BAKU — Putting the infrastructure financing needs of developing Asia at $8 trillion until 2020, the Asian Development Bank (ADB) on Monday announced scaling up its annual operations by 50 per cent to $20 billion for sustainable development of infrastructure to achieve inclusive growth and poverty reduction.
ADB president Takehiko Nakao told the board of directors that about 40 per cent or 1.4 billion population in Asia, based on a new poverty measure of Asia-specific consumption basket, was absolute poor.
“Such high poverty is unacceptable and must be defeated decisively, and soon,” he said.
Under the traditional poverty threshold of $1.25 a day, about 544 million people in Asia were still poor.
He said the ADB will become stronger, better and faster while increasing its operations to eliminate poverty and promote sustainable development in Asia and the Pacific.
Developing Asia comprised all the Asian countries except Japan, Singapore, Korea, China and Hong Kong.
He said the ADB’s stronger lending capacity would emanate from the merger of its grants and commercial operations and it had already started working with client countries to identify new projects for financing.
The ADB project processing would be made faster, without compromising project quality and standards for safeguards and procurement, he said, adding that recent internal reforms had halved the internal processing time for procurement contracts.
Nakao said ADB’s disbursements in 2014 exceeded $10 billion, 17 per cent higher than previous year and hinted at asking increased contributions from members and donors to meet large financing needs in the region.
With the post-2015 development agenda’s Sustainable Development Goals and a global pact against climate change expected to be ratified this year, Nakao said ADB will scale up support for sustainable infrastructure, education and health, and climate change action.
On the sidelines, the ADB staff announced creating an $80 million fund to help developing Asia prepare, structure and place public-private partnership (PPP) projects in the market.
Led by Japan with $40 million and followed by Canada with $20 million, Australia and the ADB would pool another $10 million each for the fund.

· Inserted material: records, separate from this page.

(* Let $H$ be a real Hilbert space, let $m\ge1$, let $\mathcal{A}_i:H\to2^H$ ($i=1,\dots,m$) be maximally monotone, let $\mathcal{B}:H\to H$ be monotone and $L$-Lipschitz ($L>0$), let $\mathcal{C}:H\to H$ be $\beta$-cocoercive ($\beta>0$), and assume that the set of $\mathbf{x}\in H$ with $0\in\sum_{i=1}^m\mathcal{A}_i\mathbf{x}+\mathcal{B}\mathbf{x}+\mathcal{C}\mathbf{x}$ is nonempty. Let $\omega_1,\dots,\omega_m\in(0,1]$ with $\sum_i\omega_i=1$, and let $\gamma\in\left(0,\frac{\beta}{2(1+4\beta L)}\right)$. Let $(\mathbf{z}_{i,0})_{i},(\mathbf{y}_{i,0})_i,(\mathbf{y}_{i,-1})_i\in H^m$ and iterate, for $n\ge0$, $$\mathbf{x}_{n+1}=\sum_{j=1}^m\omega_j\mathbf{z}_{j,n},$$ and for $i=1,\dots,m$: $$\mathbf{y}_{i,n+1}=J_{\frac{\gamma}{\omega_i}\mathcal{A}_i}\big(2\mathbf{x}_{n+1}-\mathbf{z}_{i,n}-2\gamma\mathcal{B}\mathbf{y}_{i,n}+\gamma\mathcal{B}\mathbf{y}_{i,n-1}-\gamma\mathcal{C}\mathbf{y}_{i,n}\big),\qquad \mathbf{z}_{i,n+1}=\mathbf{z}_{i,n}+\mathbf{y}_{i,n+1}-\mathbf{x}_{n+1}.$$ Then $\{\mathbf{x}_n\}$ converges weakly to a point $\mathbf{x}$ satisfying $0\in\sum_{i=1}^m\mathcal{A}_i\mathbf{x}+\mathcal{B}\mathbf{x}+\mathcal{C}\mathbf{x}$.
   Context: $J_{T}=(\mathrm{Id}+T)^{-1}$ is the resolvent of a maximally monotone operator $T$. $\beta$-cocoercive means $\langle x-y,\mathcal{C}x-\mathcal{C}y\rangle\ge\beta\|\mathcal{C}x-\mathcal{C}y\|^2$ for all $x,y$. *)

theory Defs
  imports "HOL-Analysis.Analysis"
begin

definition monotone_op :: "('a::real_inner \<Rightarrow> 'a set) \<Rightarrow> bool" where
  "monotone_op A \<longleftrightarrow> (\<forall>x y u v. u \<in> A x \<longrightarrow> v \<in> A y \<longrightarrow> inner (x - y) (u - v) \<ge> 0)"

definition maximal_monotone :: "('a::real_inner \<Rightarrow> 'a set) \<Rightarrow> bool" where
  "maximal_monotone A \<longleftrightarrow> monotone_op A \<and>
     (\<forall>x u. (\<forall>y v. v \<in> A y \<longrightarrow> inner (x - y) (u - v) \<ge> 0) \<longrightarrow> u \<in> A x)"

definition monotone_fun :: "('a::real_inner \<Rightarrow> 'a) \<Rightarrow> bool" where
  "monotone_fun B \<longleftrightarrow> (\<forall>x y. inner (x - y) (B x - B y) \<ge> 0)"

definition cocoercive :: "real \<Rightarrow> ('a::real_inner \<Rightarrow> 'a) \<Rightarrow> bool" where
  "cocoercive \<beta> C \<longleftrightarrow> (\<forall>x y. inner (x - y) (C x - C y) \<ge> \<beta> * (norm (C x - C y))\<^sup>2)"

definition scale_op :: "real \<Rightarrow> ('a::real_vector \<Rightarrow> 'a set) \<Rightarrow> 'a \<Rightarrow> 'a set" where
  "scale_op c A = (\<lambda>x. (\<lambda>u. c *\<^sub>R u) ` A x)"

text \<open>Resolvent J_A = (Id + A)^{-1}; for maximally monotone A it is single-valued and
  everywhere defined (Minty), so J_A x is the unique p with x \<in> p + A p.\<close>
definition resolvent :: "('a::real_vector \<Rightarrow> 'a set) \<Rightarrow> 'a \<Rightarrow> 'a" where
  "resolvent A x = (THE p. x - p \<in> A p)"

definition zer_sum :: "nat \<Rightarrow> (nat \<Rightarrow> 'a::real_vector \<Rightarrow> 'a set) \<Rightarrow> ('a \<Rightarrow> 'a) \<Rightarrow> ('a \<Rightarrow> 'a) \<Rightarrow> 'a set" where
  "zer_sum m A B C = {x. \<exists>a. (\<forall>i<m. a i \<in> A i x) \<and> (\<Sum>i<m. a i) + B x + C x = 0}"

definition weakly_converges :: "(nat \<Rightarrow> 'a::real_inner) \<Rightarrow> 'a \<Rightarrow> bool" where
  "weakly_converges s x \<longleftrightarrow> (\<forall>w. (\<lambda>n. inner (s n) w) \<longlonglongrightarrow> inner x w)"

end

theory Submission
  imports Defs "HOL-Library.Diagonal_Subsequence"
begin

text \<open>Fix a zero \<open>x\<close> of the sum, elements \<open>a i \<in> A i x\<close> with \<open>\<Sum> a i + B x + C x = 0\<close>, and
  let \<open>z' i = x - (\<gamma> / \<omega> i) a i - \<gamma> (B x + C x)\<close> be the corresponding fixed point of the
  \<open>z\<close>-update. Monotonicity of the \<open>A i\<close> and of \<open>B\<close>, cocoercivity of \<open>C\<close> and the Lipschitz bound
  for the reflected term \<open>2 B (y n) - B (y (n - 1))\<close> show that
  \<open>\<Psi> n = \<Sum> \<omega> i \<parallel>z (n + 1) i - z' i\<parallel>\<^sup>2 - \<Phi> n + (multiples of the last increments)\<close>
  decreases by \<open>(1 - 4 \<kappa>) \<Sum> \<omega> i \<parallel>z (n + 2) i - z (n + 1) i\<parallel>\<^sup>2\<close>, where \<open>\<Phi> n\<close> collects the
  \<open>B\<close>-terms and \<open>4 \<kappa> < 1\<close> is the step size condition. Hence the increments are square
  summable, \<open>\<Phi> n \<rightarrow> 0\<close>, and the weighted distance of \<open>z n\<close> to every such \<open>z'\<close> converges.
  Passing to the limit in the monotonicity inequalities along a weakly convergent subsequence
  (the only quadratic term cancels because \<open>x (n + 1)\<close> is the \<open>\<omega>\<close>-mean of the \<open>z n i\<close>) and
  using Minty's trick shows that every weak cluster point of \<open>z\<close> is of the form \<open>z'\<close>. Opial's
  argument then gives weak convergence of \<open>z\<close>, hence of \<open>x\<close>, to a zero of the sum.\<close>

section \<open>Minimisation in Hilbert spaces\<close>

text \<open>A possibly infinite-valued function \<open>f\<close> is given by its epigraph \<open>Epi p t \<longleftrightarrow> f p \<le> t\<close>;
  the midpoint condition says that \<open>f\<close> is strongly convex. Orthogonal projections (hence the Riesz
  representation and weak sequential compactness) and Minty's theorem are derived from this
  minimisation principle.\<close>

lemma Cauchy_if_sq_dist_le:
  fixes ps :: "nat \<Rightarrow> 'a::real_normed_vector"
  assumes k: "k > 0" and e: "e \<longlonglongrightarrow> 0"
    and dist_sq: "\<And>a b. k * (norm (ps a - ps b))\<^sup>2 \<le> (e a + e b) / 2"
  shows "Cauchy ps"
proof (rule metric_CauchyI)
  fix r :: real assume r: "r > 0"
  have "eventually (\<lambda>n. e n < k * r\<^sup>2) sequentially"
    using e k r by (intro order_tendstoD) auto
  then obtain N where N: "\<And>n. n \<ge> N \<Longrightarrow> e n < k * r\<^sup>2"
    unfolding eventually_sequentially by blast
  have "dist (ps a) (ps b) < r" if "a \<ge> N" "b \<ge> N" for a b
  proof -
    have "k * (norm (ps a - ps b))\<^sup>2 < k * r\<^sup>2"
      using dist_sq[of a b] N[OF that(1)] N[OF that(2)] unfolding add_divide_distrib by linarith
    hence "(norm (ps a - ps b))\<^sup>2 < r\<^sup>2" using k by simp
    thus ?thesis using r by (simp add: dist_norm power_less_imp_less_base)
  qed
  thus "\<exists>N. \<forall>a\<ge>N. \<forall>b\<ge>N. dist (ps a) (ps b) < r" by blast
qed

The fund will finance project preparations including due diligence covering technical, financial, legal and regulatory safeguards to attract investors and financial institutions for around 30 infrastructure projects worth $20 billion.
The ADB managing director general Juan Miranda signed a PPP co-advisory agreement with eight global banks to accelerate flow of private funds into critical infrastructure projects in developing Asia.
The agreement is a first formal co-advisory agreement between a multilateral development bank and international commercial banks.
The eight banks included Bank of Tokyo-Mitsubish UFG, BNP Paribas, Credit Agricole CIB, HSBC, Mizho Bank, Macquarie Capital, Societe Generale, and Sumitomo Mitsui Banking Corporation.
The agreement will provide advice to Asian governments that how to best structure PPP projects to make them attractive to private sector and manage the subsequent PPP bidding process and help assess clients the future income flows of projects in energy, roads, railways, water and other infrastructure projects.
Nakao said the ADB will focus on cross-border connectivity to promote trade, create jobs and increase incomes regionally; using PPPs more effectively; ensuring the operational sustainability of infrastructure projects and applying the highest standards for safeguard policies to protect people and the environment.
Assistance to education and health will double in line with ADB’s Midterm Review of Strategy 2020.
To help combat climate change, ADB will strengthen support for energy efficiency and renewable energy, sustainable transport, climate change resilience, and disaster risk management.
This includes expanding the use of private equity funds in solar, wind and other renewable energy projects, Nakao said.
Nakao said ADB undertakes rigorous vulnerability assessments for projects, as relatively small upfront investments based on such assessments can save lives and avoid large-scale infrastructure rehabilitation costs later.